I think the gap has been filled in an interesting manner and I think that people will be shocked and hopefully surprised at what happened in those six years.

What's your take on Mulder now?
I don't want to say sex change, perhaps that would be giving too much away. But I look good in a dress.
Seriously, what is the most important change in your character?
Well he is having a crisis; some kind of a career crisis. Definitely in an emotional sense there are things going on in his life in terms of women that could not have happened in the series, but we really didn't delve into the series. I might have to kill myself now that I have said that.

I understand that the budget for this film is $30 million; a rather low figure for a film of this caliber. Did you take a cut in your salary?
Well, we acknowledged that it was not at the height of the television show, that there was not the demand that might have been four or five years ago. We all wanted to make the best movie that we could and have all the money end up on the screen rather than in our pockets.
So we saw this almost like an audition for the movie franchise. We thought, let's make this the best that we can, let's play by Fox's (studio) rules, if this is the amount of money that they are willing to give us to make the movie, let's take what they are giving and make a great film, make it immensely successful and then we can go on and do what we want to do in the next one, so it is kind of an investment in the future of the franchise.

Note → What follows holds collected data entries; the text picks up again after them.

theorem proposition2p6:
  fixes n :: nat and A :: "nat \<Rightarrow> nat \<Rightarrow> int"
    and \<alpha> :: "nat \<Rightarrow> 'v::euclidean_space" and \<alpha>v :: "nat \<Rightarrow> 'v \<Rightarrow> real"
    and a av :: "nat \<Rightarrow> int" and B :: "'v \<Rightarrow> 'v \<Rightarrow> real"
    and \<Lambda>0 :: 'v and \<rho>v :: "'v \<Rightarrow> real"
    and x :: 'v and wb w :: "'v \<Rightarrow> 'v"
  assumes "affine_type n A"
    and "realization n A \<alpha> \<alpha>v"
    and "prim_kernel_vec n A a"
    and "prim_kernel_vec n (\<lambda>i j. A j i) av"
    and "av 0 = 1"
    and "std_inv_form n \<alpha> \<alpha>v a av B"
    and "\<forall>i\<le>n. \<alpha>v i \<Lambda>0 = (if i = 0 then 1 else 0)"
    and "linear \<rho>v" and "\<forall>i\<le>n. \<rho>v (\<alpha> i) = 1"
    and "x \<in> coweight_lattice n \<alpha> B"
    and "wb \<in> gen_grp \<alpha> \<alpha>v {1..n}"
    and "w = transl n a av \<alpha> \<alpha>v B x \<circ> wb"
  shows "LL0 \<Lambda>0 \<rho>v w = of_int (coxnum n a) / 2 * B x x - ht n \<alpha> x
    \<and> LL0 \<Lambda>0 \<rho>v w = LL0 \<Lambda>0 \<rho>v (transl n a av \<alpha> \<alpha>v B x)
    \<and> (\<forall>\<sigma> v v0. \<sigma> \<in> Sigma_set n a av \<alpha> \<alpha>v B \<longrightarrow> v \<in> gen_grp \<alpha> \<alpha>v {0..n} \<longrightarrow> w = \<sigma> \<circ> v \<longrightarrow>
          v0 \<in> (\<lambda>u. v \<circ> u) ` gen_grp \<alpha> \<alpha>v {1..n} \<longrightarrow>
          (\<forall>u\<in>(\<lambda>u. v \<circ> u) ` gen_grp \<alpha> \<alpha>v {1..n}. wlen \<alpha> \<alpha>v {0..n} v0 \<le> wlen \<alpha> \<alpha>v {0..n} u) \<longrightarrow>
          LL0 \<Lambda>0 \<rho>v (\<sigma> \<circ> v) = LL0 \<Lambda>0 \<rho>v (\<sigma> \<circ> v0))"
proof -
  have V0: "x \<in> span (\<alpha> ` {1..n})"
    using coweight_lattice_subset_span[OF assms(1-4,6)] assms(10) by blast
  have inj: "inj_on \<alpha> {1..n}"
    using assms(2) by (auto simp: realization_def intro: inj_on_subset)
  have W0_fixes: "u \<Lambda>0 = \<Lambda>0" if "u \<in> gen_grp \<alpha> \<alpha>v {1..n}" for u
    using gen_grp_fixes[OF that] assms(7) by simp
  have "B \<Lambda>0 x = 0"
    using std_inv_form_orthogonal_span[OF assms(6) _ V0] assms(7) by simp
  then have transl: "LL0 \<Lambda>0 \<rho>v (transl n a av \<alpha> \<alpha>v B x) = of_int (coxnum n a) / 2 * B x x - ht n \<alpha> x"
    using LL0_transl[OF assms(8,9) cfun_eq_1[of n \<alpha>v \<Lambda>0 av, OF assms(7,5)]]
      ht_eq_height_functional[OF inj assms(8) _ V0] assms(9) by simp
  have w: "LL0 \<Lambda>0 \<rho>v w = LL0 \<Lambda>0 \<rho>v (transl n a av \<alpha> \<alpha>v B x)"
    using assms(11,12) W0_fixes LL0_comp_stabilizer by blast
  have coset: "LL0 \<Lambda>0 \<rho>v (\<sigma> \<circ> v) = LL0 \<Lambda>0 \<rho>v (\<sigma> \<circ> v0)"
    if "v0 \<in> (\<lambda>u. v \<circ> u) ` gen_grp \<alpha> \<alpha>v {1..n}" for \<sigma> v v0
    using that W0_fixes LL0_comp_stabilizer[of _ \<Lambda>0 \<rho>v "\<sigma> \<circ> v"]
    by (auto simp: comp_assoc)
  show ?thesis
    using coset by (simp only: transl w) blast
qed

How has your fan base changed, do you still get fan mail and is there a generation gap?
I don't know, it's been five years. I don't know how fast the world turns but some times it seems like it turns every five minutes and yet you know human nature doesn't really change.
Whether or not we'll get the nostalgia vote or we'll get a vote from people that are discovering it again, or converted fans. I think quality always works, so that is what we are trying to focus on, make some thing good and have it stand on it's own. If you can get the old die hard fans then it has a chance.